To evaluate the prevalence and potential predictors of bacterial and fungal infection among pediatric oncology patients with FN at our institution, we conducted a retrospective cohort study containing a nested case-control study. Using hospital billing codes and electronic medical records, we obtained a consecutive 3-year sample of children admitted with FN to the pediatric hematology-oncology teams at UCSF Benioff Children’s Hospital Oakland (Oakland, CA, US), with the end of the sample period preceding the Covid-19 pandemic. Children receiving treatment for cancer were included in the cohort if they had an absolutely neutrophil count (ANC) <500 x10⁹/L or (if no ANC was reported) a total white blood cell count (WBC) <500 x10⁹/L, as well as a single temperature >38.3°C or a sustained temperature >38°C [34]. Participants were excluded if they were receiving or had previously received allogeneic or autologous HSCT or had an underlying syndrome (such as Fanconi anemia) associated with chronic neutropenia. This study was approved by our hospital’s institutional review board and conducted in accordance with the Declaration of Helsinki.

Statistical Methods

Continuous variables, including participants’ ages and days to infection diagnosis, were not normally distributed and are described using median and interquartile range (IQR). Children with multiple episodes of FN during the sample period reentered the cohort for each episode. For the case-control analysis, we randomly sampled one episode per participant. Cases were defined by culture-proven bacteremia, urinary tract infection (UTI), meningitis, cellulitis, osteomyelitis, neutropenic colitis (typhlitis), Clostridium difficile enterocolitis, or invasive fungal infection (IFI). Clinical and radiographic findings were accepted for diagnosis of typhlitis, osteomyelitis, and IFI if cultures were not available [35]. Per institutional standards of care, any positive blood culture from a central venous catheter (CVC) was considered infectious, including coagulase-negative staphylococci. Controls were sampled at a two-to-one ratio with cases. To compare clinical and laboratory findings between the case and control groups, we used rank-sum tests for continuous variables and standard two-by-two tables with Fisher exact tests for categorical variables. Associations were considered significant with an uncorrected p-value <0.05. We also report each association’s relative risk ratio (RR) with a 95% confidence interval. Data analysis was performed using Stata 13 (Statacorp, College Station, TX).

Results

Study Cohort

The cohort (Table 1) consisted of 199 FN episodes among 140 participants, 43% female, with a median age at cohort entry of 6.1 years (3.1-12.3). Most participants (71.4%) were hospitalized once for FN during the study period; among the rest, the number of hospitalizations ranged from 2 to 8. The most common diagnoses were acute leukemia and lymphoma. There were 5 participants (3.6%) with trisomy 21, all of whom had acute leukemia. Nearly all of the participants had a CVC, and 31 (22.1%) had a history of at least one prior infection, including bacteremia (N=21), another bacterial infection (N=7), or IFI (N=4). All participants received empiric intravenous antibiotics with antipseudomonal activity upon the onset of fever. Most of the FN episodes (81.9%) developed in outpatients who were then admitted; 36 FN episodes (18.1%) occurred in children who were already hospitalized, especially those receiving high-intensity chemotherapy for acute myeloid leukemia (AML) or brain tumors. Among participants with acute lymphoblastic leukemia (ALL), 26 FN episodes (13.1% of the total) occurred during the lower-intensity maintenance phase of therapy.
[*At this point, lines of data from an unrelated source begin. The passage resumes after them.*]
text \<open>With \<open>\<langle>\<beta>,l\<rangle> = 1\<close> the staircase \<open>P(0,w\<beta>)\<close> leads from \<open>0\<close> to the vertex \<open>w\<close>, so up to a loop every
  edge is homologous to the detour through the origin.\<close>

lemma edge_homologous_via_origin:
  assumes beta: "disp \<beta> = 1" and uv: "edge L u v"
  defines "\<delta> \<equiv> \<lambda>i. int u * \<beta> i + chi (Ltype L u v) i - int v * \<beta> i"
  shows "arc u v \<approx> staircase 0 (\<lambda>i. int v * \<beta> i) - staircase 0 (\<lambda>i. int u * \<beta> i) + loop \<delta>"
    and "int n dvd disp \<delta>"
proof -
  define I where "I = Ltype L u v"
  have simplex: "tonnetz_simplex L {u, v}" "u \<noteq> v" using uv unfolding edge_def by auto
  note I = edge_Ltype[OF simplex, folded I_def]
  have "u < n" "v < n" using simplex_vertex_less[OF simplex(1)] by auto
  define lu where "lu = (\<lambda>i. int u * \<beta> i)"
  define lv where "lv = (\<lambda>i. int v * \<beta> i)"
  have dlu: "disp lu = int u" and dlv: "disp lv = int v"
    unfolding lu_def lv_def disp_scale beta by simp_all
  have d\<delta>: "disp \<delta> = int u + lsum I - int v"
    unfolding \<delta>_def I_def[symmetric] using disp_add_diff[of lu "chi I" lv] dlu dlv disp_chi[OF I(1)]
    unfolding lu_def lv_def by simp
  have cong: "[int u + lsum I = int v] (mod int n)"
    using cong_sym[OF cong_add[OF cong_refl[of "int u"] I(4)]] by simp
  then show "int n dvd disp \<delta>" unfolding d\<delta> using cong_iff_dvd_diff by blast
  then obtain c where c: "disp \<delta> = int n * c" by blast
  have "(int u + lsum I) mod int n = int v" using cong \<open>v < n\<close> unfolding cong_def by simp
  then have "vert (int u + lsum I) = v" unfolding vert_def by simp
  then have "arc u v \<approx> staircase (int u) (chi I)"
    using edge_staircase[OF I(1-3), of "int u"] vert_int[OF \<open>u < n\<close>] by simp
  also have "staircase (int u) (chi I) = (staircase 0 lu + staircase (0 + disp lu) (chi I)) - staircase 0 lu"
    using dlu by simp
  also have "\<dots> \<approx> staircase 0 (\<lambda>i. lu i + chi I i) - staircase 0 lu"
    by (rule homologous_diff[OF staircase_add homologous_refl])
  also have "(\<lambda>i. lu i + chi I i) = (\<lambda>i. \<delta> i + lv i)" unfolding lu_def lv_def \<delta>_def I_def by auto
  also have "staircase 0 (\<lambda>i. \<delta> i + lv i) - staircase 0 lu \<approx> loop \<delta> + staircase 0 lv - staircase 0 lu"
    using homologous_sym[OF staircase_add[of 0 \<delta> lv]] staircase_periodic[of 0 c lv] c
    unfolding loop_def by (intro homologous_diff homologous_refl) simp
  also have "loop \<delta> + staircase 0 lv - staircase 0 lu = staircase 0 lv - staircase 0 lu + loop \<delta>"
    by simp
  finally show "arc u v \<approx> staircase 0 (\<lambda>i. int v * \<beta> i) - staircase 0 (\<lambda>i. int u * \<beta> i) + loop \<delta>"
    unfolding lu_def lv_def .
qed

lemma edge_less: assumes "edge L u v" shows "u < v" "u < n" "v < n"
  using assms simplex_vertex_less[of "{u, v}"] unfolding edge_def by auto

lemma chain1_decomp:
  assumes "chain1 L z"
  shows "z = (\<Sum>u<n. \<Sum>v<n. cscale (z u v) (arc u v))"
proof (intro ext)
  fix a b
  have support: "z u v \<noteq> 0 \<Longrightarrow> edge L u v" for u v using assms unfolding chain1_def by blast
  have "z u v * arc u v a b = (if u = a \<and> v = b then z u v else 0)" for u v
    using edge_less(1)[OF support, of u v] by (cases "z u v = 0") (auto simp: arc_def)
  then have "(\<Sum>u<n. \<Sum>v<n. cscale (z u v) (arc u v)) a b = (\<Sum>u<n. \<Sum>v<n. if u = a \<and> v = b then z u v else 0)"
    by (simp add: cscale_def sum_fun_apply)
  also have "\<dots> = z a b"
  proof (cases "a < n \<and> b < n")
    case True
    have "(\<Sum>v<n. if u = a \<and> v = b then z u v else 0) = (if u = a then z a b else 0)" for u
      using True by (cases "u = a") simp_all
    then show ?thesis using True by simp
  next
    case False
    then have "z a b = 0" using edge_less(2,3)[OF support, of a b] by blast
    moreover have "(\<Sum>u<n. \<Sum>v<n. if u = a \<and> v = b then z u v else 0) = 0"
      using False by (intro sum.neutral ballI) auto
    ultimately show ?thesis by simp
  qed
  finally show "z a b = (\<Sum>u<n. \<Sum>v<n. cscale (z u v) (arc u v)) a b" ..
qed

lemma cycle_gradient:
  fixes g :: "nat \<Rightarrow> 'a::comm_ring_1"
  assumes "cycle1 L z"
  shows "(\<Sum>u<n. \<Sum>v<n. of_int (z u v) * (g v - g u)) = 0"
proof -
  have bd: "(\<Sum>u<n. z u w) = (\<Sum>v<n. z w v)" for w using assms unfolding cycle1_def bd1_def by simp
  have "(\<Sum>u<n. \<Sum>v<n. of_int (z u v) * g v) = (\<Sum>w<n. g w * of_int (\<Sum>u<n. z u w))"
    by (subst sum.swap) (simp add: sum_distrib_left mult.commute)
  moreover have "(\<Sum>u<n. \<Sum>v<n. of_int (z u v) * g u) = (\<Sum>w<n. g w * of_int (\<Sum>v<n. z w v))"
    by (simp add: sum_distrib_left mult.commute)
  ultimately show ?thesis by (simp add: right_diff_distrib sum_subtractf bd)
qed

definition type_count :: "(nat \<Rightarrow> nat \<Rightarrow> int) \<Rightarrow> nat \<Rightarrow> int" where
  "type_count z i = (\<Sum>u<n. \<Sum>v<n. z u v * chi (Ltype L u v) i)"

lemma omega_eval_eq_dev: "i < k \<Longrightarrow> omega_eval L z i = dev k (type_count z) i"
  unfolding omega_eval_def omega_vec_def omega_eq_dev dev_def type_count_def
  by (simp add: sum_distrib_left sum_subtractf right_diff_distrib algebra_simps sum.swap[of _ "{..<k}"])

lemma type_count_const:
  assumes "omega_eval L z = (\<lambda>_. 0)" "i < k"
  shows "type_count z i = type_count z 0"
proof (rule dev_eq_0_imp_const)
  show "dev k (type_count z) j = 0" if "j < k" for j
    using omega_eval_eq_dev[OF that, of z] fun_cong[OF assms(1), of j] by simp
qed (use assms(2) length_ge_2 in auto)

lemma cycle_homologous_loop:
  assumes cycle: "cycle1 L z" and beta: "disp \<beta> = 1"
  shows "z \<approx> loop (type_count z)"
proof -
  have support: "z u v \<noteq> 0 \<Longrightarrow> edge L u v" for u v using cycle unfolding cycle1_def chain1_def by blast
  define \<gamma> where "\<gamma> w = staircase 0 (\<lambda>i. int w * \<beta> i)" for w
  define \<delta> where "\<delta> u v = (\<lambda>i. int u * \<beta> i + chi (Ltype L u v) i - int v * \<beta> i)" for u v
  note via_origin = edge_homologous_via_origin[OF beta support, folded \<gamma>_def \<delta>_def]
  have edge: "cscale (z u v) (arc u v) \<approx> cscale (z u v) (\<gamma> v - \<gamma> u) + cscale (z u v) (loop (\<delta> u v))" for u v
    using via_origin(1)[of u v] homologous_refl
    by (cases "z u v = 0") (auto simp: cscale_0_left cscale_add_right[symmetric] intro: homologous_cscale)
  have "int n dvd z u v * disp (\<delta> u v)" for u v using via_origin(2) by (cases "z u v = 0") auto
  then have dvd_row: "int n dvd disp (\<lambda>i. \<Sum>v<n. z u v * \<delta> u v i)" for u
    by (simp add: disp_sum disp_scale dvd_sum)
  have gradient_0: "(\<Sum>u<n. \<Sum>v<n. cscale (z u v) (\<gamma> v - \<gamma> u)) = 0"
    using cycle_gradient[OF cycle, of "\<lambda>w. \<gamma> w a b" for a b]
    by (intro ext) (simp add: cscale_def sum_fun_apply)
  have count: "(\<Sum>u<n. 1 * (\<Sum>v<n. z u v * \<delta> u v i)) = type_count z i" for i
    using cycle_gradient[OF cycle, of "\<lambda>w. int w * \<beta> i"]
    unfolding type_count_def \<delta>_def by (simp add: algebra_simps sum.distrib sum_subtractf)
  have "z = (\<Sum>u<n. \<Sum>v<n. cscale (z u v) (arc u v))" by (rule chain1_decomp) (use cycle cycle1_def in blast)
  also have "\<dots> \<approx> (\<Sum>u<n. \<Sum>v<n. cscale (z u v) (\<gamma> v - \<gamma> u) + cscale (z u v) (loop (\<delta> u v)))"
    by (intro homologous_sum finite_lessThan edge)
  also have "\<dots> = (\<Sum>u<n. \<Sum>v<n. cscale (z u v) (loop (\<delta> u v)))"
    using gradient_0 by (simp add: sum.distrib)
  also have "\<dots> \<approx> (\<Sum>u<n. cscale 1 (loop (\<lambda>i. \<Sum>v<n. z u v * \<delta> u v i)))"
    unfolding cscale_1 using via_origin(2) by (intro homologous_sum finite_lessThan loop_sum) auto
  also have "\<dots> \<approx> loop (\<lambda>i. \<Sum>u<n. 1 * (\<Sum>v<n. z u v * \<delta> u v i))"
    using dvd_row by (intro loop_sum) auto
  finally show ?thesis unfolding count .
qed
Table 1: Demographic and clinical characteristics

IQR: Interquartile Range; ALL: Acute Lympoblastic Leukemia; AML: Acute Myelogenous Leukemia; UTI: Urinary Tract Infection.
*Desmoplastic small round cell tumor (N=1), renal carcinoma (N=2), and rhabdoid liver tumor (N=1).

Infectious complications

Of the 199 FN episodes studied, 43 (21.6%) led to a diagnosis of bacterial or fungal infection (Figure 1), with 6 episodes (3%) involving multiple infections. The most common was bacteremia, of which there were 29 cases (14.6%); cultures were positive for Gram-positive organisms in 18 (including 8 with coagulase-negative staphylococci), Gram-negative organisms in 8, and mixed flora in 3. Bacteremia was diagnosed a median of 1 day (1-3) after fever onset. There were 16 cases (8%) of other bacterial infections, which were diagnosed a median of 4 days (2-6) after fever onset and included typhlitis (N=5), Clostridium difficile enterocolitis (N=4), UTI (N=3), and cellulitis (N=3); 5 of these infections occurred along with bacteremia. There were 5 cases of IFI, most commonly pulmonary aspergillosis, diagnosed a median of 5 days (0-9) after fever onset. Overall, the median time from fever onset to diagnosis was 2 days (1-4). Distributive shock requiring intensive care occurred in 4 FN episodes (2%) due to bacteremia or meningitis, and one of these children died.

Figure 1: Overview of bacterial and fungal infections in the cohort. For episodes with multiple infections, the left panel categorizes the first diagnosed. UTI, urinary tract infection; C. difficile, Clostridium difficile enterocolitis.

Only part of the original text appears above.